Her findings suggest it is much harder for the brain to convert negativity (losses) to positivity (gains). Which is why if one person tells us our new shirt makes us look fat, and three people tell us it looks great, we’re likely to never wear that shirt again. The negativity carries a lot more weight in our brain.

But what does that mean for our self-perception and our own judgment of our successes and achievements? It means we’re more likely to remember all the times we failed, than the times we succeeded.

I can’t remember every awesome stew I have made—there have been a lot. However, I do remember two stews with crystal clarity. One, where the lid of the pepper fell of and rendered the whole thing inedible and one where I had company over and it inexplicably burned. Both of these failures are profoundly memorable. To me, at least. It's unlikely anyone else remembers either event.

So how do you train your brain away from this negativity? On some level, you can’t. Remembering failure is critical to survival. You have to remember negativity things vividly, so you can avoid them in the future. This is why we can often go off certain foods for life if we are exposed to them right before we throw up. It is a basic survival instinct that is hardwired into being human.

You can’t stop being human, but you can train yourself to be more aware of positive things and pay more attention to them. If you give them more weight, they can start to balance out the negativity you are programmed to hold on to.

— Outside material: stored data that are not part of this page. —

lemma superdiff_upper_differentiable:
  fixes \<phi> :: "'a::real_inner \<Rightarrow> real"
  assumes der: "(\<phi> has_derivative (\<lambda>h. inner g h)) (at z0)"
    and w: "w \<in> superdiff_upper \<phi> z0"
  shows "w = g"
proof (rule ccontr)
  assume "w \<noteq> g"
  define e where "e = g - w"
  define \<epsilon> where "\<epsilon> = norm e / 4"
  have e: "norm e > 0" and \<epsilon>: "\<epsilon> > 0"
    using \<open>w \<noteq> g\<close> unfolding e_def \<epsilon>_def by auto
  have "Limsup (at z0) (\<lambda>z. ereal ((\<phi> z - \<phi> z0 - inner w (z - z0)) / norm (z - z0))) < ereal \<epsilon>"
    using w \<epsilon> unfolding superdiff_upper_def by (simp add: le_less_trans)
  from Limsup_lessD[OF this] obtain d1 where d1: "d1 > 0"
    "\<And>z. z \<noteq> z0 \<Longrightarrow> dist z z0 < d1 \<Longrightarrow> (\<phi> z - \<phi> z0 - inner w (z - z0)) / norm (z - z0) < \<epsilon>"
    unfolding eventually_at by auto
  from der \<epsilon> obtain d2 where d2: "d2 > 0"
    "\<And>z. norm (z - z0) < d2 \<Longrightarrow> norm (\<phi> z - \<phi> z0 - inner g (z - z0)) \<le> \<epsilon> * norm (z - z0)"
    unfolding has_derivative_within_alt by blast
  \<comment> \<open>Step from \<open>z0\<close> in the direction \<open>g - w\<close>: there \<open>\<phi>\<close> grows like \<open>g\<close>, faster than \<open>w\<close> permits.\<close>
  define s where "s = min d1 d2 / 2"
  define z where "z = z0 + (s / norm e) *\<^sub>R e"
  have s: "s > 0" "s < d1" "s < d2" using d1 d2 unfolding s_def by auto
  have z: "z - z0 = (s / norm e) *\<^sub>R e" unfolding z_def by simp
  have nz: "norm (z - z0) = s" using e s unfolding z by simp
  have ez: "inner e (z - z0) = s * norm e"
    using e unfolding z by (simp add: power2_norm_eq_inner[symmetric] power2_eq_square)
  have "\<phi> z - \<phi> z0 - inner w (z - z0) < \<epsilon> * s"
    using d1(2)[of z] nz s by (auto simp: dist_norm divide_less_eq)
  moreover have "\<phi> z - \<phi> z0 - inner g (z - z0) \<ge> - (\<epsilon> * s)"
    using d2(2)[of z] nz s by (simp add: abs_le_iff)
  ultimately have "inner e (z - z0) < 2 * \<epsilon> * s"
    unfolding e_def by (simp add: inner_diff_left)
  with ez s e show False unfolding \<epsilon>_def by simp
qed

lemma superdiff_upper_Max_subset_active_gradients:
  fixes \<phi> :: "'i \<Rightarrow> 'a::real_inner \<Rightarrow> real"
  assumes J: "finite J" "J \<noteq> {}"
    and der: "\<And>j. j \<in> J \<Longrightarrow> (\<phi> j has_derivative (\<lambda>h. inner (G j) h)) (at z0)"
    and w: "w \<in> superdiff_upper (\<lambda>z. Max ((\<lambda>j. \<phi> j z) ` J)) z0"
  shows "\<exists>j\<in>J. w = G j"
proof -
  have "Max ((\<lambda>j. \<phi> j z0) ` J) \<in> (\<lambda>j. \<phi> j z0) ` J"
    using J by (intro Max_in) auto
  then obtain j where j: "j \<in> J" "\<phi> j z0 = Max ((\<lambda>j. \<phi> j z0) ` J)"
    by auto
  have "\<phi> j z \<le> Max ((\<lambda>j. \<phi> j z) ` J)" for z
    using J j by simp
  with j w have "w \<in> superdiff_upper (\<phi> j) z0"
    using superdiff_upper_touching_below[of "\<phi> j" "\<lambda>z. Max ((\<lambda>j. \<phi> j z) ` J)" z0] by blast
  with der j show ?thesis
    using superdiff_upper_differentiable by blast
qed

lemma viscosity_subsolution_Max_classical_solutions:
  fixes \<phi> :: "'i \<Rightarrow> real \<times> 'a::real_inner \<Rightarrow> real"
  assumes J: "finite J" "J \<noteq> {}"
    and v: "\<And>t x. v t x = Max ((\<lambda>j. \<phi> j (t, x)) ` J)"
    and grad: "\<And>j t x. j \<in> J \<Longrightarrow> t \<in> {0<..<T} \<Longrightarrow>
      (\<phi> j has_derivative (\<lambda>h. inner (H t x (P j t x), P j t x) h)) (at (t, x))"
  shows "viscosity_subsolution T H v"
proof -
  have v': "(\<lambda>(t, x). v t x) = (\<lambda>z. Max ((\<lambda>j. \<phi> j z) ` J))"
    using v by auto
  show ?thesis
    unfolding viscosity_subsolution_def v'
  proof (intro conjI ballI allI)
    show "continuous_on ({0<..<T} \<times> UNIV) (\<lambda>z. Max ((\<lambda>j. \<phi> j z) ` J))"
    proof (intro continuous_at_imp_continuous_on ballI)
      fix z :: "real \<times> 'a"
      assume "z \<in> {0<..<T} \<times> UNIV"
      then obtain t x where "z = (t, x)" "t \<in> {0<..<T}" by auto
      then show "isCont (\<lambda>z. Max ((\<lambda>j. \<phi> j z) ` J)) z"
        by (auto intro!: continuous_Max[OF J] has_derivative_continuous[OF grad])
    qed
  next
    fix t x w
    assume "t \<in> {0<..<T}" and "w \<in> superdiff_upper (\<lambda>z. Max ((\<lambda>j. \<phi> j z) ` J)) (t, x)"
    then obtain j where "w = (H t x (P j t x), P j t x)"
      using superdiff_upper_Max_subset_active_gradients[OF J, of \<phi> "\<lambda>j. (H t x (P j t x), P j t x)"]
        grad by blast
    then show "case w of (q, p) \<Rightarrow> - q + H t x p \<le> 0"
      by simp
  qed
qed

lemma has_derivative_affine_in_space:
  fixes l :: "real \<Rightarrow> 'a::real_inner" and c :: "real \<Rightarrow> real"
  assumes l: "(l has_vector_derivative L) (at t0)" and c: "(c has_real_derivative C) (at t0)"
  shows "((\<lambda>(t, x). inner (l t) x + c t) has_derivative (\<lambda>h. inner (C + inner L x0, l t0) h))
    (at (t0, x0))"
proof -
  have "((\<lambda>z. l (fst z)) has_derivative (\<lambda>h. fst h *\<^sub>R L)) (at (t0, x0))"
    using has_derivative_compose[OF has_derivative_fst[OF has_derivative_ident]] l
    by (auto simp: has_vector_derivative_def)
  moreover have "((\<lambda>z. c (fst z)) has_derivative (\<lambda>h. fst h * C)) (at (t0, x0))"
    using has_derivative_compose[OF has_derivative_fst[OF has_derivative_ident]] c
    by (auto simp: has_field_derivative_def mult.commute)
  ultimately have "((\<lambda>z. inner (l (fst z)) (snd z) + c (fst z)) has_derivative
      (\<lambda>h. inner (l t0) (snd h) + inner (fst h *\<^sub>R L) x0 + fst h * C)) (at (t0, x0))"
    by (auto intro!: derivative_eq_intros)
  moreover have "(\<lambda>h. inner (l t0) (snd h) + inner (fst h *\<^sub>R L) x0 + fst h * C)
      = (\<lambda>h. inner (C + inner L x0, l t0) h)"
    by (auto simp: inner_prod_def algebra_simps)
  ultimately show ?thesis
    by (simp add: split_beta')
qed

lemma SUP_INF_add_const:
  fixes f :: "'a \<Rightarrow> 'b \<Rightarrow> real"
  assumes U: "U \<noteq> {}" and D: "D \<noteq> {}" and bounded: "bounded ((\<lambda>(u, d). f u d) ` (U \<times> D))"
  shows "(SUP u\<in>U. INF d\<in>D. c + f u d) = c + (SUP u\<in>U. INF d\<in>D. f u d)"
proof -
  obtain M where M: "\<And>u d. u \<in> U \<Longrightarrow> d \<in> D \<Longrightarrow> \<bar>f u d\<bar> \<le> M"
    using bounded unfolding bounded_real by force
  obtain d0 where d0: "d0 \<in> D" using D by auto
  have below: "bdd_below (f u ` D)" if "u \<in> U" for u
    using M[OF that] by (intro bdd_belowI[of _ "- M"]) force
  have "(INF d\<in>D. f u d) \<le> M" if "u \<in> U" for u
    using cINF_lower[OF below[OF that] d0] M[OF that d0] by linarith
  then have above: "bdd_above ((\<lambda>u. INF d\<in>D. f u d) ` U)"
    by (intro bdd_aboveI[of _ M]) auto
  have "(SUP u\<in>U. INF d\<in>D. c + f u d) = (SUP u\<in>U. c + (INF d\<in>D. f u d))"
    using below D by (intro SUP_cong refl Inf_add_eq)
  also have "\<dots> = c + (SUP u\<in>U. INF d\<in>D. f u d)"
    using above U by (rule Sup_add_eq)
  finally show ?thesis .
qed

lemma hamiltonian_eq:
  assumes "compact U" "U \<noteq> {}" "compact D" "D \<noteq> {}"
  shows "hamiltonian A B E U D t x p
    = - inner p (A t *v x) + (SUP u\<in>U. INF d\<in>D. inner (- p) (B t *v u + E t *v d))"
proof -
  have "continuous_on (U \<times> D) (\<lambda>(u, d). inner (- p) (B t *v u + E t *v d))"
    unfolding split_beta'
    by (intro continuous_intros bounded_linear.continuous_on[OF matrix_vector_mul_bounded_linear])
  then have "bounded ((\<lambda>(u, d). inner (- p) (B t *v u + E t *v d)) ` (U \<times> D))"
    using assms by (intro compact_imp_bounded compact_continuous_image compact_Times)
  then have "(SUP u\<in>U. INF d\<in>D. - inner p (A t *v x) + inner (- p) (B t *v u + E t *v d))
      = - inner p (A t *v x) + (SUP u\<in>U. INF d\<in>D. inner (- p) (B t *v u + E t *v d))"
    using assms by (intro SUP_INF_add_const) auto
  moreover have "inner (- p) (A t *v x + B t *v u + E t *v d)
      = - inner p (A t *v x) + inner (- p) (B t *v u + E t *v d)" for u d
    by (simp add: inner_add_right)
  ultimately show ?thesis
    unfolding hamiltonian_def by simp
qed

lemma has_derivative_characteristic_affine:
  assumes "compact U" "U \<noteq> {}" "compact D" "D \<noteq> {}"
    and l: "(l has_vector_derivative (- (transpose (A t0) *v l t0))) (at t0)"
    and c: "(c has_real_derivative (SUP u\<in>U. INF d\<in>D. inner (- l t0) (B t0 *v u + E t0 *v d))) (at t0)"
  shows "((\<lambda>(t, x). inner (l t) x + c t) has_derivative
      (\<lambda>h. inner (hamiltonian A B E U D t0 x0 (l t0), l t0) h)) (at (t0, x0))"
proof -
  have "inner (- (transpose (A t0) *v l t0)) x0 = - inner (l t0) (A t0 *v x0)"
    by (simp add: dot_lmul_matrix)
  with has_derivative_affine_in_space[OF l c, of x0] show ?thesis
    using assms(1-4) by (simp add: hamiltonian_eq add.commute)
qed

theorem lemma5:
  fixes T :: real
    and A :: "real \<Rightarrow> real^'n^'n"
    and B :: "real \<Rightarrow> real^'m^'n"
    and E :: "real \<Rightarrow> real^'l^'n"
    and U :: "(real^'m) set" and D :: "(real^'l) set"
    and g :: "real^'n \<Rightarrow> real"
    and N :: nat and nk :: "nat \<Rightarrow> nat"
    and \<gamma> :: "nat \<Rightarrow> real"
    and xb :: "nat \<Rightarrow> nat \<Rightarrow> real^'n" and p :: "nat \<Rightarrow> nat \<Rightarrow> real^'n"
    and lam :: "nat \<Rightarrow> nat \<Rightarrow> real \<Rightarrow> real^'n" and q :: "nat \<Rightarrow> nat \<Rightarrow> real \<Rightarrow> real"
    and v :: "real \<Rightarrow> real^'n \<Rightarrow> real"
  assumes T: "T > 0"
    and A: "continuous_on {0..T} A" and B: "continuous_on {0..T} B" and E: "continuous_on {0..T} E"
    and U: "compact U" "convex U" "U \<noteq> {}"
    and D: "compact D" "convex D" "D \<noteq> {}"
    and g_cont: "continuous_on UNIV g"
    and g_convex: "convex_on UNIV g"
    and g_lip: "\<exists>L. L-lipschitz_on UNIV g"
    and N: "N \<ge> 1"
    and nk: "\<forall>k\<in>{1..N}. nk k \<ge> 1"
    and levels: "\<forall>k\<in>{1..N}. \<gamma> k \<in> range g"
    and pts: "\<forall>k\<in>{1..N}. \<forall>i\<in>{1..nk k}. g (xb i k) = \<gamma> k"
    and subgr: "\<forall>k\<in>{1..N}. \<forall>i\<in>{1..nk k}. p i k \<in> subdiff_lower g (xb i k)"
    and lam_ode: "\<forall>k\<in>{1..N}. \<forall>i\<in>{1..nk k}. \<forall>s\<in>{0..T}.
        (lam i k has_vector_derivative (- (transpose (A s) *v lam i k s))) (at s within {0..T})"
    and q_ode: "\<forall>k\<in>{1..N}. \<forall>i\<in>{1..nk k}. \<forall>s\<in>{0..T}.
        (q i k has_real_derivative
           (SUP u\<in>U. INF d\<in>D. inner (- lam i k s) (B s *v u + E s *v d))) (at s within {0..T})"
    and lam_T: "\<forall>k\<in>{1..N}. \<forall>i\<in>{1..nk k}. lam i k T = p i k"
    and q_T: "\<forall>k\<in>{1..N}. \<forall>i\<in>{1..nk k}. q i k T = - inner (p i k) (xb i k) + \<gamma> k"
    and v_def: "\<forall>t x. v t x = Max {inner (lam i k t) x + q i k t | i k. k \<in> {1..N} \<and> i \<in> {1..nk k}}"
  shows "viscosity_subsolution T (hamiltonian A B E U D) v"
proof -
  define J where "J = Sigma {1..N} (\<lambda>k. {1..nk k})"
  define \<phi> where "\<phi> = (\<lambda>(k, i) (t, x). inner (lam i k t) x + q i k t)"
  define P where "P = (\<lambda>(k, i) t (x :: real^'n). lam i k t)"
  have J: "finite J" "J \<noteq> {}"
    using N nk unfolding J_def by force+
  have "{inner (lam i k t) x + q i k t | i k. k \<in> {1..N} \<and> i \<in> {1..nk k}} = (\<lambda>j. \<phi> j (t, x)) ` J"
    for t x unfolding J_def \<phi>_def by force
  then have v: "v t x = Max ((\<lambda>j. \<phi> j (t, x)) ` J)" for t x
    using v_def by simp
  have grad: "(\<phi> j has_derivative
      (\<lambda>h. inner (hamiltonian A B E U D t x (P j t x), P j t x) h)) (at (t, x))"
    if "j \<in> J" "t \<in> {0<..<T}" for j t x
  proof -
    obtain k i where ki: "j = (k, i)" "k \<in> {1..N}" "i \<in> {1..nk k}"
      using \<open>j \<in> J\<close> unfolding J_def by auto
    have t: "t \<in> {0..T}" "at t within {0..T} = at t"
      using \<open>t \<in> {0<..<T}\<close> by (auto intro: at_within_interior)
    have "(lam i k has_vector_derivative (- (transpose (A t) *v lam i k t))) (at t)"
      using lam_ode ki t by metis
    moreover have "(q i k has_real_derivative
        (SUP u\<in>U. INF d\<in>D. inner (- lam i k t) (B t *v u + E t *v d))) (at t)"
      using q_ode ki t by metis
    ultimately show ?thesis
      using has_derivative_characteristic_affine[OF U(1,3) D(1,3)]
      unfolding ki \<phi>_def P_def by simp
  qed
  from J v grad show ?thesis
    by (rule viscosity_subsolution_Max_classical_solutions)
qed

There are several popular ways to do this. I think most of us are familiar with the New Year Positivity Jar. If you aren’t, the idea is that you find a large jar and every time something nice happens, you write it down, put it in the jar, and then at the end of the year, read them all out and look back on all the positive moments of the year before.

I love this idea and I think it's great for the whole family, however it is delegating positivity to one day of the year.

I also love gratitude diaries, where every day you write down 1-3 things you are grateful for. If you can’t think of anything to be grateful for, look around and ask yourself: ‘if I woke up tomorrow with ONLY what I said I was grateful for today, what would I write down?’. Suddenly you’ll have a whole list of people, things, places, memories, concepts and experiences to be grateful for. It's about learning not to take things for granted.

I like to keep a notebook, and every time something nice happens, or I achieve a goal, I write it down. However, since it's a notebook and not a jar, I can flip through it every week and remind myself of all the great stuff that has happened whenever I am stressed or down.

However, there is another very traditional way to share and express gratitude and positivity. Saying grace.

Grace has always been about thankfulness. Saying what we appreciate, thanking God for the things we have, thanking each other for the things we have, sharing positivity and time with the family. I think it is a fantastic tradition to maintain, showing as it shows our children how to be grateful and think positively. You can’t just tell them to ‘think positive’, you need to show them by being positive yourself and giving them an internal script.

Take home exercise:

To get you started, open wordpad or get a notebook and pen and write down the following:

- Three good things that have happened to you this year, no matter how big or small.

- Three people you are glad are in your life.

- Five things you are grateful for.

- Three things you enjoy doing, that make you feel good.

The more often you do exercises like this, the more your brain will be trained to reorganize and appreciate the positives. Stay happy!